Go deeper: Corey Quinn's newsletter (cynicism, accurate); the FinOps Foundation's framework; one monthly ritual where the engineer who shipped the biggest cost line reads the invoice out loud.
How the stations connect
The cloud is a machine for trading dollars for latency, durability, and availability. Primitives are the controls. Patterns are the settings. Cost is the readout.
Pick a pattern. Notice what it costs. Iterate.
Standards & Specs
The cloud has no single standards body; the useful authorities are a mix of IETF, vendor reference architectures, and cross-vendor open specs.
- AWS Well-Architected Framework — the reliable default: six pillars (operational excellence, security, reliability, performance efficiency, cost optimization, sustainability). Even non-AWS teams lift from it.
- Google Cloud Architecture Framework — same shape, different vocabulary; useful cross-reference.
- CNCF Cloud Native Landscape — the taxonomy of open-source cloud-native tooling; the "what are my options" index.
- Kubernetes API spec — the de facto container orchestration API.
- OpenTelemetry spec — the vendor-neutral wire format for traces, metrics, and logs. The thing you should be emitting regardless of observability vendor.
- OCI Image Format and OCI Distribution — the open standards your container registries speak.
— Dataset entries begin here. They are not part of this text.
lemma subspace_dim_equal_fin_span:
  assumes "subspace S" "subspace T" "S \<subseteq> T" "T \<subseteq> span F" "finite F" "dim T \<le> dim S"
  shows "S = T"
proof (rule ccontr)
  assume "S \<noteq> T"
  then obtain t where t: "t \<in> T" "t \<notin> S"
    using assms(3) by blast
  obtain B where B: "finite B" "independent B" "span B = S" "card B = dim S"
    using finite_basis_of_subspace assms(1,3-5) by (metis order_trans)
  have "t \<notin> B"
    using t(2) B(3) span_superset by blast
  have "independent (insert t B)"
    using independent_insertI t(2) B by simp
  then have "Suc (dim S) = dim (insert t B)"
    using B \<open>t \<notin> B\<close> by (simp add: dim_eq_card_independent)
  also have "\<dots> \<le> dim T"
    using t(1) B(3) assms span_superset by (intro dim_subset_fin_span[of _ T F]) auto
  finally show False
    using assms(6) by simp
qed

lemma dim_direct_sum:
  assumes "subspace S" "subspace T" "S \<inter> T = {0}" "S \<subseteq> span F" "T \<subseteq> span F" "finite F"
  shows "dim (span (S \<union> T)) = dim S + dim T"
proof -
  obtain B where B: "finite B" "independent B" "span B = S" "card B = dim S"
    using finite_basis_of_subspace assms(1,4,6) by metis
  obtain C where C: "finite C" "independent C" "span C = T" "card C = dim T"
    using finite_basis_of_subspace assms(2,5,6) by metis
  have "B \<subseteq> S" "C \<subseteq> T"
    using span_superset[of B] span_superset[of C] unfolding B(3) C(3) by simp_all
  moreover have "0 \<notin> B"
    using B(2) dependent_zero by blast
  moreover have "B \<inter> C \<subseteq> {0}"
    using Int_mono[OF \<open>B \<subseteq> S\<close> \<open>C \<subseteq> T\<close>] unfolding assms(3) .
  ultimately have "B \<inter> C = {}"
    by blast
  moreover have "independent (B \<union> C)"
    using independent_Un_of_span_Int_zero[OF B(2) C(2)] assms(3) unfolding B(3) C(3) .
  moreover have "span (B \<union> C) = span (S \<union> T)"
    using \<open>B \<subseteq> S\<close> \<open>C \<subseteq> T\<close> span_mono[of "B \<union> C" "S \<union> T"] span_mono[of B "B \<union> C"]
      span_mono[of C "B \<union> C"] unfolding B(3) C(3) span_eq by blast
  ultimately show ?thesis
    using B(1,4) C(1,4) card_Un_disjoint dim_span_eq_card_independent by metis
qed

text \<open>Grassmann's formula, obtained by splitting \<open>T = (S \<inter> T) \<oplus> L\<close>, so that \<open>S + T = S \<oplus> L\<close>.\<close>

lemma dim_sums_Int_fin_span:
  assumes "subspace S" "subspace T" "S \<subseteq> span F" "T \<subseteq> span F" "finite F"
  shows "dim (span (S \<union> T)) + dim (S \<inter> T) = dim S + dim T"
proof -
  have ST: "subspace (S \<inter> T)" "S \<inter> T \<subseteq> span F"
    using subspace_inter[OF assms(1,2)] assms(3) by blast+
  obtain L where L: "subspace L" "L \<subseteq> T" "(S \<inter> T) \<inter> L = {0}" "span ((S \<inter> T) \<union> L) = T"
    using complement_subspace_exists[OF ST(1) assms(2)] by blast
  have "L \<subseteq> span F"
    using L(2) assms(4) by (rule order_trans)
  have "S \<inter> L = (S \<inter> T) \<inter> L"
    using L(2) by blast
  then have "S \<inter> L = {0}"
    using L(3) by simp
  have "span (S \<union> T) = span (S \<union> L)"
  proof -
    have "T \<subseteq> span (S \<union> L)"
      using L(4) span_mono[of "(S \<inter> T) \<union> L" "S \<union> L"] by blast
    then have "S \<union> T \<subseteq> span (S \<union> L)"
      using span_superset[of "S \<union> L"] by blast
    moreover have "S \<union> L \<subseteq> span (S \<union> T)"
      using L(2) span_superset[of "S \<union> T"] by blast
    ultimately show ?thesis
      using span_eq by blast
  qed
  moreover have "dim (span (S \<union> L)) = dim S + dim L"
    using dim_direct_sum[OF assms(1) L(1) \<open>S \<inter> L = {0}\<close> assms(3) \<open>L \<subseteq> span F\<close> assms(5)] .
  moreover have "dim T = dim (S \<inter> T) + dim L"
    using dim_direct_sum[OF ST(1) L(1,3) ST(2) \<open>L \<subseteq> span F\<close> assms(5)] unfolding L(4) .
  ultimately show ?thesis
    by simp
qed

lemma dim_Int_complement:
  assumes "subspace V" "subspace L" "V \<inter> L = {0}"
    and "subspace W" "V \<subseteq> W" "W \<subseteq> span (V \<union> L)" "W \<subseteq> span F" "finite F"
  shows "dim (W \<inter> L) + dim V = dim W"
proof -
  have "V \<inter> (W \<inter> L) = V \<inter> L"
    using assms(5) by blast
  then have "V \<inter> (W \<inter> L) = {0}"
    using assms(3) by simp
  moreover have "V \<subseteq> span F" "W \<inter> L \<subseteq> span F"
    using assms(5,7) by blast+
  ultimately have "dim (span (V \<union> (W \<inter> L))) = dim V + dim (W \<inter> L)"
    using dim_direct_sum[OF assms(1) subspace_inter[OF assms(4,2)]] assms(8) by blast
  then show ?thesis
    using span_Un_Int_eq[OF assms(1,2,4,5,6)] by simp
qed

lemma subspace_of_dim_exists:
  assumes "subspace S" "S \<subseteq> span F" "finite F" "k \<le> dim S"
  obtains V where "subspace V" "V \<subseteq> S" "dim V = k"
proof -
  obtain B where B: "finite B" "independent B" "span B = S" "card B = dim S"
    using finite_basis_of_subspace assms(1-3) by metis
  then obtain C where C: "C \<subseteq> B" "card C = k"
    using obtain_subset_with_card_n[of k B] assms(4) by metis
  show thesis
  proof
    show "span C \<subseteq> S"
      using C(1) B(3) span_mono by blast
    show "dim (span C) = k"
      using C independent_mono[OF B(2) C(1)] dim_span_eq_card_independent by simp
  qed simp
qed

lemma Int_subset_if_dim_Int_large:
  assumes "subspace X1" "subspace X2" "subspace Y"
    and "X1 \<subseteq> span F" "X2 \<subseteq> span F" "Y \<subseteq> span F" "finite F"
    and "dim Y + dim (X1 \<inter> X2) \<le> dim (Y \<inter> X1) + dim (Y \<inter> X2)"
  shows "X1 \<inter> X2 \<subseteq> Y"
proof -
  let ?S1 = "Y \<inter> X1" and ?S2 = "Y \<inter> X2"
  have S: "subspace ?S1" "subspace ?S2" "subspace (?S1 \<inter> ?S2)" "subspace (X1 \<inter> X2)"
    using assms(1-3) subspace_inter by blast+
  have "dim (span (?S1 \<union> ?S2)) + dim (?S1 \<inter> ?S2) = dim ?S1 + dim ?S2"
    using dim_sums_Int_fin_span[of ?S1 ?S2 F] S assms(6,7) by blast
  moreover have "dim (span (?S1 \<union> ?S2)) \<le> dim Y"
    using assms(3,6,7) span_minimal[of "?S1 \<union> ?S2" Y] by (intro dim_subset_fin_span) auto
  ultimately have "dim (X1 \<inter> X2) \<le> dim (?S1 \<inter> ?S2)"
    using assms(8) by linarith
  then have "?S1 \<inter> ?S2 = X1 \<inter> X2"
    using S assms(4,7) by (intro subspace_dim_equal_fin_span[of _ _ F]) auto
  then show ?thesis
    by blast
qed

end

definition cscale :: "complex \<Rightarrow> (nat \<Rightarrow> complex) \<Rightarrow> nat \<Rightarrow> complex" where
  "cscale c v = (\<lambda>i. c * v i)"

interpretation vs: vector_space cscale
  by unfold_locales (auto simp: cscale_def fun_eq_iff algebra_simps)

lemma sum_apply: "(\<Sum>x\<in>F. f x) i = (\<Sum>x\<in>F. f x i :: 'a :: comm_monoid_add)"
  by (induct F rule: infinite_finite_induct) auto

lemma cspan_eq_span: "cspan S = vs.span S"
  unfolding cspan_def vs.span_explicit by (auto simp: sum_apply cscale_def fun_eq_iff)

lemma cindep_iff_independent: "cindep S \<longleftrightarrow> vs.independent S"
  unfolding cindep_def vs.independent_explicit_module by (auto simp: sum_apply cscale_def fun_eq_iff)

lemma has_vdimD:
  assumes "has_vdim S d"
  shows "vs.subspace S" "vs.dim S = d"
  using assms vs.dim_span_eq_card_independent
  unfolding has_vdim_def cspan_eq_span cindep_iff_independent by auto

definition unit_vec :: "nat \<Rightarrow> nat \<Rightarrow> complex" where
  "unit_vec k = (\<lambda>j. if j = k then 1 else 0)"

lemma subspace_amb: "vs.subspace (amb n)"
  unfolding vs.subspace_def amb_def by (simp add: cscale_def)

lemma span_unit_vecs: "vs.span (unit_vec ` {..n}) = amb n"
proof
  show "vs.span (unit_vec ` {..n}) \<subseteq> amb n"
    using subspace_amb by (intro vs.span_minimal) (auto simp: unit_vec_def amb_def)
  show "amb n \<subseteq> vs.span (unit_vec ` {..n})"
  proof
    fix v assume v: "v \<in> amb n"
    have "(\<Sum>k\<le>n. v k * unit_vec k i) = v i" for i
    proof -
      have "(\<Sum>k\<le>n. v k * unit_vec k i) = (\<Sum>k\<le>n. if k = i then v k else 0)"
        by (rule sum.cong) (auto simp: unit_vec_def)
      also have "\<dots> = v i"
        using v by (auto simp: amb_def)
      finally show ?thesis .
    qed
    then have "v = (\<Sum>k\<le>n. cscale (v k) (unit_vec k))"
      by (auto simp: fun_eq_iff sum_apply cscale_def)
    also have "\<dots> \<in> vs.span (unit_vec ` {..n})"
      by (intro vs.span_sum vs.span_scale vs.span_base) auto
    finally show "v \<in> vs.span (unit_vec ` {..n})" .
  qed
qed

lemma independent_unit_vecs: "vs.independent (unit_vec ` {..n})"
  unfolding cindep_iff_independent[symmetric] cindep_def
proof (intro allI impI ballI)
  fix F c x
  assume "finite F \<and> F \<subseteq> unit_vec ` {..n} \<and> (\<forall>i. (\<Sum>y\<in>F. c y * y i) = 0)" and "x \<in> F"
  then have F: "finite F" "F \<subseteq> unit_vec ` {..n}" and sum_zero: "\<And>i. (\<Sum>y\<in>F. c y * y i) = 0"
    by auto
  obtain k where x: "x = unit_vec k"
    using F(2) \<open>x \<in> F\<close> by blast
  have "(\<Sum>y\<in>F - {x}. c y * y k) = 0"
  proof (intro sum.neutral ballI)
    fix y assume "y \<in> F - {x}"
    then obtain j where "y = unit_vec j" "j \<noteq> k"
      using F(2) x by auto
    then show "c y * y k = 0"
      by (simp add: unit_vec_def)
  qed
  then have "(\<Sum>y\<in>F. c y * y k) = c x"
    using F(1) \<open>x \<in> F\<close> by (simp add: sum.remove x unit_vec_def)
  then show "c x = 0"
    using sum_zero by simp
qed

lemma card_unit_vecs: "card (unit_vec ` {..n}) = Suc n"
proof -
  have "inj unit_vec"
    by (rule injI) (metis unit_vec_def one_neq_zero)
  then show ?thesis
    by (simp add: card_image inj_on_subset)
qed

lemma dim_amb: "vs.dim (amb n) = Suc n"
  using vs.dim_span_eq_card_independent[OF independent_unit_vecs] span_unit_vecs card_unit_vecs
  by metis

lemma has_vdim_iff_dim:
  assumes "vs.subspace S" "S \<subseteq> amb n"
  shows "has_vdim S d \<longleftrightarrow> d = vs.dim S"
proof
  assume "d = vs.dim S"
  moreover obtain B where "finite B" "vs.independent B" "vs.span B = S" "card B = vs.dim S"
    using vs.finite_basis_of_subspace[of S "unit_vec ` {..n}"] assms span_unit_vecs by blast
  ultimately show "has_vdim S d"
    unfolding has_vdim_def cspan_eq_span cindep_iff_independent by blast
qed (use has_vdimD in auto)

lemma edge_codim2_iff_dim:
  assumes "vs.subspace X" "vs.subspace Y" "X \<subseteq> amb n"
  shows "edge_codim2 n X Y \<longleftrightarrow> n - 3 < vs.dim (X \<inter> Y)"
proof -
  have "X \<inter> Y \<subseteq> amb n"
    using assms(3) by blast
  then show ?thesis
    using has_vdim_iff_dim[OF vs.subspace_inter[OF assms(1,2)]] unfolding edge_codim2_def by simp
qed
- RFC 1918 — private address space and RFC 4291 — IPv6 addressing — what your VPC is doing under the hood.
- RFC 8446 — TLS 1.3 — the only acceptable transport for anything you'd show a regulator.
- NIST SP 800-207 — Zero Trust Architecture — the reference for identity-first network design.
- FinOps Framework — the open, vendor-neutral cost-management discipline; the organizational counterpart to well-architected's cost pillar.
- Papers — DeCandia et al., "Dynamo" (SOSP 2007); Corbett et al., "Spanner" (OSDI 2012); Calder et al., "Windows Azure Storage" (SOSP 2011).
Test yourself
A static marketing site behind Route 53 + CloudFront + S3 has a slow first paint in Sydney. Which primitive do you investigate first, and why not the others?
Network, specifically CDN presence. If CloudFront has a POP near Sydney, first-byte should be under 50 ms. If requests fall through to S3 in us-east-1, you'll see ~200 ms + origin time. Not compute (static site, no server work). Not storage IO (S3 is fast). Not identity. Edge caching is the primitive that turns geography into a miss-vs-hit question.
Your serverless API has a p99 of 2 seconds on new deploys, dropping to 80 ms after warmup. What architectural choice is paying for this and what's the cheap fix?
You're paying the cold-start tax of the Function compute primitive. Cheap fix: provisioned concurrency for hot endpoints (keeps N instances warm at ~container cost), or move the hot path to a small always-on container/managed runtime. Same five primitives, different composition.
A new feature triples your monthly bill. The compute line is flat. Where is the money actually going?
With compute flat, the prime suspects are egress and observability retention. New feature likely added a chatty integration (cross-region DB reads, a 3rd-party API call per request with large payloads), or generous log verbosity at high cardinality. Both shapes show up in "other" on the bill; both are architectural, not operational.